§ **Task instructions**
Copy, from the entries below, each line in which the string "moreover" appears.

· · ·

(* Let $R=R_1\times R_2\times R_3$ be a direct product of three finite commutative local rings with identity, and let $I=I_1\times I_2\times I_3$ where $I_i$ is a proper ideal of $R_i$ for $i=1,2,3$. If some $R_i$ ($1\leq i\leq 3$) has at least three elements, then $\Gamma''_I(R)$ is not planar.
   Context: The product has componentwise operations. For a commutative ring $R$ and an ideal $I$ of $R$, $\Gamma''_I(R)$ is the simple undirected graph whose vertex set is $\{x\in R\setminus I : xR+I\neq R\}$, with distinct vertices $x,y$ adjacent if and only if $x\notin yR+I$ and $y\notin xR+I$. A graph is planar if it can be drawn in the plane with edges meeting only at their endpoints. *)

theory Defs
  imports "HOL-Analysis.Analysis"
begin

instantiation prod :: (times, times) times
begin
definition times_prod_def: "x * y = (fst x * fst y, snd x * snd y)"
instance ..
end

instantiation prod :: (one, one) one
begin
definition one_prod_def: "1 = (1, 1)"
instance ..
end

instance prod :: (comm_ring_1, comm_ring_1) comm_ring_1
  by standard (auto simp: times_prod_def one_prod_def zero_prod_def plus_prod_def
      algebra_simps prod_eq_iff)

definition is_ideal :: "'a::comm_ring_1 set \<Rightarrow> bool" where
  "is_ideal I \<longleftrightarrow> 0 \<in> I \<and> (\<forall>x\<in>I. \<forall>y\<in>I. x + y \<in> I) \<and> (\<forall>x\<in>I. \<forall>r. r * x \<in> I)"

definition proper_ideal :: "'a::comm_ring_1 set \<Rightarrow> bool" where
  "proper_ideal I \<longleftrightarrow> is_ideal I \<and> I \<noteq> UNIV"

definition maximal_ideal :: "'a::comm_ring_1 set \<Rightarrow> bool" where
  "maximal_ideal M \<longleftrightarrow> proper_ideal M \<and>
     (\<forall>J. is_ideal J \<and> M \<subseteq> J \<longrightarrow> J = M \<or> J = UNIV)"

definition local_ring :: "'a::comm_ring_1 itself \<Rightarrow> bool" where
  "local_ring _ \<longleftrightarrow> (\<exists>!M::'a set. maximal_ideal M)"

definition span_plus :: "'a::comm_ring_1 \<Rightarrow> 'a set \<Rightarrow> 'a set" where
  "span_plus x I = {x * r + i | r i. i \<in> I}"

definition gamma2_verts :: "'a::comm_ring_1 set \<Rightarrow> 'a set" where
  "gamma2_verts I = {x. x \<notin> I \<and> span_plus x I \<noteq> UNIV}"

definition gamma2_adj :: "'a::comm_ring_1 set \<Rightarrow> 'a \<Rightarrow> 'a \<Rightarrow> bool" where
  "gamma2_adj I x y \<longleftrightarrow> x \<in> gamma2_verts I \<and> y \<in> gamma2_verts I \<and> x \<noteq> y \<and>
     x \<notin> span_plus y I \<and> y \<notin> span_plus x I"

definition planar :: "'v set \<Rightarrow> ('v \<Rightarrow> 'v \<Rightarrow> bool) \<Rightarrow> bool" where
  "planar V E \<longleftrightarrow> (\<exists>(f :: 'v \<Rightarrow> complex) (p :: 'v \<Rightarrow> 'v \<Rightarrow> real \<Rightarrow> complex).
     inj_on f V \<and>
     (\<forall>u\<in>V. \<forall>v\<in>V. E u v \<longrightarrow>
        arc (p u v) \<and> pathstart (p u v) = f u \<and> pathfinish (p u v) = f v \<and>
        path_image (p u v) \<inter> f ` V = {f u, f v}) \<and>
     (\<forall>u\<in>V. \<forall>v\<in>V. \<forall>u'\<in>V. \<forall>v'\<in>V. E u v \<and> E u' v' \<and> {u, v} \<noteq> {u', v'} \<longrightarrow>
        path_image (p u v) \<inter> path_image (p u' v') \<subseteq> f ` ({u, v} \<inter> {u', v'})))"

end

theory Submission
  imports Defs
begin

text \<open>If a factor, say the first, has three elements, then for all a, a' in it the vertices
  (a, 1, 0) and (a', 0, 1) of \<Gamma>''_I(R) are adjacent: neither lies in the ideal generated by
  the other plus I, because 1 is in no proper ideal. So \<Gamma>''_I(R) contains K_{3,3}.

  K_{3,3} is not planar by the Jordan curve theorem. In a drawing, the edges u0 v1 u1 v0 u2 v2
  form a hexagon J, and the remaining edges u0 v0, u1 v2, u2 v1 are chords of J whose ends
  interleave pairwise. By the theta-curve theorem, two disjoint interleaved chords lie on
  opposite sides of J, which is impossible for three chords.\<close>

definition path_image_endless :: "(real \<Rightarrow> 'a::topological_space) \<Rightarrow> 'a set" where
  "path_image_endless g = path_image g - {pathstart g, pathfinish g}"

lemma arc_image_subset_closure_endless:
  fixes g :: "real \<Rightarrow> 'a::t2_space"
  assumes "arc g"
  shows "path_image g \<subseteq> closure (path_image_endless g)"
proof -
  have inj: "inj_on g {0..1}" and cont: "continuous_on {0..1} g"
    using assms by (auto simp: arc_def path_def)
  have "g ` {0<..<1} \<subseteq> path_image_endless g"
    using inj_onD[OF inj] by (fastforce simp: path_image_endless_def path_image_def pathstart_def pathfinish_def)
  then have "g ` closure {0<..<1} \<subseteq> closure (path_image_endless g)"
    using cont closure_subset by (intro image_closure_subset) auto
  then show ?thesis
    by (simp add: path_image_def)
qed

definition sides :: "'a::real_normed_vector set \<Rightarrow> 'a set set" where
  "sides S = {inside S, outside S}"

lemma
  assumes "closed S" "F \<in> sides S"
  shows open_side: "open F"
    and closure_side_subset: "closure F \<subseteq> S \<union> F"
  using assms closure_inside_subset[of S] closure_outside_subset[of S] open_inside[of S]
    open_outside[of S]
  by (auto simp: sides_def)

definition opposite_sides :: "'a::real_normed_vector set \<Rightarrow> 'a set \<Rightarrow> 'a set \<Rightarrow> bool" where
  "opposite_sides S A B \<longleftrightarrow> A \<subseteq> inside S \<and> B \<subseteq> outside S \<or> A \<subseteq> outside S \<and> B \<subseteq> inside S"

lemma connected_subset_side:
  assumes "closed S" "connected D" "D \<inter> S = {}"
  obtains F where "F \<in> sides S" "D \<subseteq> F"
proof -
  have "D \<subseteq> inside S \<union> outside S"
    using assms(3) inside_Un_outside by blast
  then have "D \<subseteq> inside S \<or> D \<subseteq> outside S"
    using connectedD[OF assms(2) open_inside[OF assms(1)] open_outside[OF assms(1)]]
      inside_Int_outside by blast
  then show ?thesis
    using that by (auto simp: sides_def)
qed

lemma Jordan_two_arcs:
  fixes c1 c2 :: "real \<Rightarrow> complex"
  assumes "arc c1" "arc c2" "pathstart c2 = pathstart c1" "pathfinish c2 = pathfinish c1"
    and "path_image c1 \<inter> path_image c2 \<subseteq> {pathstart c1, pathfinish c1}"
  shows "inside (path_image c1 \<union> path_image c2) \<noteq> {}"
    and "connected (inside (path_image c1 \<union> path_image c2))"
    and "connected (outside (path_image c1 \<union> path_image c2))"
    and "frontier (inside (path_image c1 \<union> path_image c2)) = path_image c1 \<union> path_image c2"
proof -
  have "simple_path (c1 +++ reversepath c2)"
    using assms by (simp add: simple_path_join_loop_eq arc_reversepath)
  moreover have "path_image (c1 +++ reversepath c2) = path_image c1 \<union> path_image c2"
    using assms by (simp add: path_image_join)
  ultimately show "inside (path_image c1 \<union> path_image c2) \<noteq> {}"
    and "connected (inside (path_image c1 \<union> path_image c2))"
    and "connected (outside (path_image c1 \<union> path_image c2))"
    and "frontier (inside (path_image c1 \<union> path_image c2)) = path_image c1 \<union> path_image c2"
    using Jordan_inside_outside[of "c1 +++ reversepath c2"] assms by auto
qed

section \<open>Theta curves\<close>

locale theta_curve =
  fixes c1 c2 c3 :: "real \<Rightarrow> complex" and a b :: complex
  assumes arcs: "arc c1" "arc c2" "arc c3"
    and starts: "pathstart c1 = a" "pathstart c2 = a" "pathstart c3 = a"
    and finishes: "pathfinish c1 = b" "pathfinish c2 = b" "pathfinish c3 = b"
    and meets: "path_image c1 \<inter> path_image c2 \<subseteq> {a, b}"
      "path_image c1 \<inter> path_image c3 \<subseteq> {a, b}"
      "path_image c2 \<inter> path_image c3 \<subseteq> {a, b}"
begin

abbreviation "X1 \<equiv> path_image c1"
abbreviation "X2 \<equiv> path_image c2"
abbreviation "X3 \<equiv> path_image c3"

lemma ends_mem: "a \<in> X1" "b \<in> X1" "a \<in> X2" "b \<in> X2" "a \<in> X3" "b \<in> X3"
  using pathstart_in_path_image[of c1] pathstart_in_path_image[of c2] pathstart_in_path_image[of c3]
    pathfinish_in_path_image[of c1] pathfinish_in_path_image[of c2] pathfinish_in_path_image[of c3]
  by (simp_all add: starts finishes)

lemma Int_eq: "X1 \<inter> X2 = {a, b}" "X1 \<inter> X3 = {a, b}" "X2 \<inter> X3 = {a, b}"
  using meets ends_mem by auto

lemma a_neq_b: "a \<noteq> b"
  using arc_distinct_ends[OF arcs(1)] starts finishes by simp

lemma compact_X: "compact X1" "compact X2" "compact X3"
  using arcs by (simp_all add: compact_path_image arc_imp_path)

lemma closed_X: "closed X1" "closed X2" "closed X3"
  using compact_X by (simp_all add: compact_imp_closed)

lemma endless_X: "X1 - {a, b} \<noteq> {}" "X2 - {a, b} \<noteq> {}" "X3 - {a, b} \<noteq> {}"
  using arcs starts finishes nonempty_simple_path_endless arc_imp_simple_path by metis+

lemmas Jordan12 = Jordan_two_arcs[OF arcs(1,2), unfolded starts finishes, OF refl refl meets(1)]
lemmas Jordan13 = Jordan_two_arcs[OF arcs(1,3), unfolded starts finishes, OF refl refl meets(2)]
lemmas Jordan23 = Jordan_two_arcs[OF arcs(2,3), unfolded starts finishes, OF refl refl meets(3)]

lemma inside_subset_outside:
  assumes "X3 \<inter> inside (X1 \<union> X2) = {}" "X2 \<inter> inside (X1 \<union> X3) = {}"
  shows "inside (X1 \<union> X2) \<subseteq> outside (X1 \<union> X3)"
proof -
  let ?U = "inside (X1 \<union> X2)"
  have "?U \<inter> (X1 \<union> X3) = {}"
    using assms(1) inside_no_overlap[of "X1 \<union> X2"] by blast
  then obtain F where F: "F \<in> sides (X1 \<union> X3)" "?U \<subseteq> F"
    using connected_subset_side closed_X Jordan12(2) by (metis closed_Un)
  obtain z where z: "z \<in> X2 - {a, b}"
    using endless_X by blast
  have "z \<in> closure ?U"
    using z Jordan12(4) frontier_def by (metis DiffD1 UnI2)
  then have "z \<in> X1 \<union> X3 \<union> F"
    using closure_mono[OF F(2)] closure_side_subset[OF _ F(1)] closed_X by blast
  then have "z \<in> F"
    using z Int_eq by blast
  with F(1) assms(2) z show ?thesis
    using F(2) by (auto simp: sides_def)
qed

text \<open>If no arc met the inside of the cycle formed by the other two, the inside of X1 \<union> X2
  would lie outside both other cycles, and Janiszewski's theorem would connect it to infinity
  in the complement of X1 \<union> X2.\<close>

lemma some_arc_inside:
  "X3 \<inter> inside (X1 \<union> X2) \<noteq> {} \<or> X1 \<inter> inside (X2 \<union> X3) \<noteq> {} \<or>
   X2 \<inter> inside (X1 \<union> X3) \<noteq> {}"
proof (rule ccontr)
  assume "\<not> ?thesis"
  then have none: "X3 \<inter> inside (X1 \<union> X2) = {}" "X1 \<inter> inside (X2 \<union> X3) = {}"
    "X2 \<inter> inside (X1 \<union> X3) = {}"
    by auto
  interpret swapped: theta_curve c2 c1 c3 a b
    using arcs starts finishes meets by unfold_locales auto
  have out13: "inside (X1 \<union> X2) \<subseteq> outside (X1 \<union> X3)"
    using inside_subset_outside none by blast
  have out23: "inside (X1 \<union> X2) \<subseteq> outside (X2 \<union> X3)"
    using swapped.inside_subset_outside none by (simp add: Un_commute)
  obtain u where u: "u \<in> inside (X1 \<union> X2)"
    using Jordan12(1) by blast
  have "bounded (X1 \<union> X2 \<union> X3)"
    using compact_X by (simp add: compact_imp_bounded)
  then obtain w where w: "w \<in> outside (X1 \<union> X2 \<union> X3)"
    using unbounded_outside by (metis bounded_empty equals0I)
  have "connected_component (- (X1 \<union> X3)) u w"
    using out13 u w outside_mono[of "X1 \<union> X3" "X1 \<union> X2 \<union> X3"] outside_no_overlap[of "X1 \<union> X3"]
    by (intro connected_componentI[OF Jordan13(3)]) blast+
  moreover have "connected_component (- (X2 \<union> X3)) u w"
    using out23 u w outside_mono[of "X2 \<union> X3" "X1 \<union> X2 \<union> X3"] outside_no_overlap[of "X2 \<union> X3"]
    by (intro connected_componentI[OF Jordan23(3)]) blast+
  moreover have "(X1 \<union> X3) \<inter> (X2 \<union> X3) = X3"
    using Int_eq ends_mem by auto
  ultimately have "connected_component (- (X1 \<union> X3 \<union> (X2 \<union> X3))) u w"
    using Janiszewski[of "X1 \<union> X3" "X2 \<union> X3" u w] compact_X closed_X arcs(3)
    by (simp add: compact_Un closed_Un connected_path_image arc_imp_path)
  then have "connected_component (- (X1 \<union> X2)) u w"
    by (rule connected_component_of_subset) blast
  then have "w \<in> inside (X1 \<union> X2)"
    using inside_same_component u by blast
  moreover have "w \<in> outside (X1 \<union> X2)"
    using w outside_mono[of "X1 \<union> X2" "X1 \<union> X2 \<union> X3"] by blast
  ultimately show False
    using inside_Int_outside by blast
qed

· · ·

§ **Result for this task**
  moreover have "path_image (c1 +++ reversepath c2) = path_image c1 \<union> path_image c2"
  moreover have "connected_component (- (X2 \<union> X3)) u w"
  moreover have "(X1 \<union> X3) \<inter> (X2 \<union> X3) = X3"
  moreover have "w \<in> outside (X1 \<union> X2)"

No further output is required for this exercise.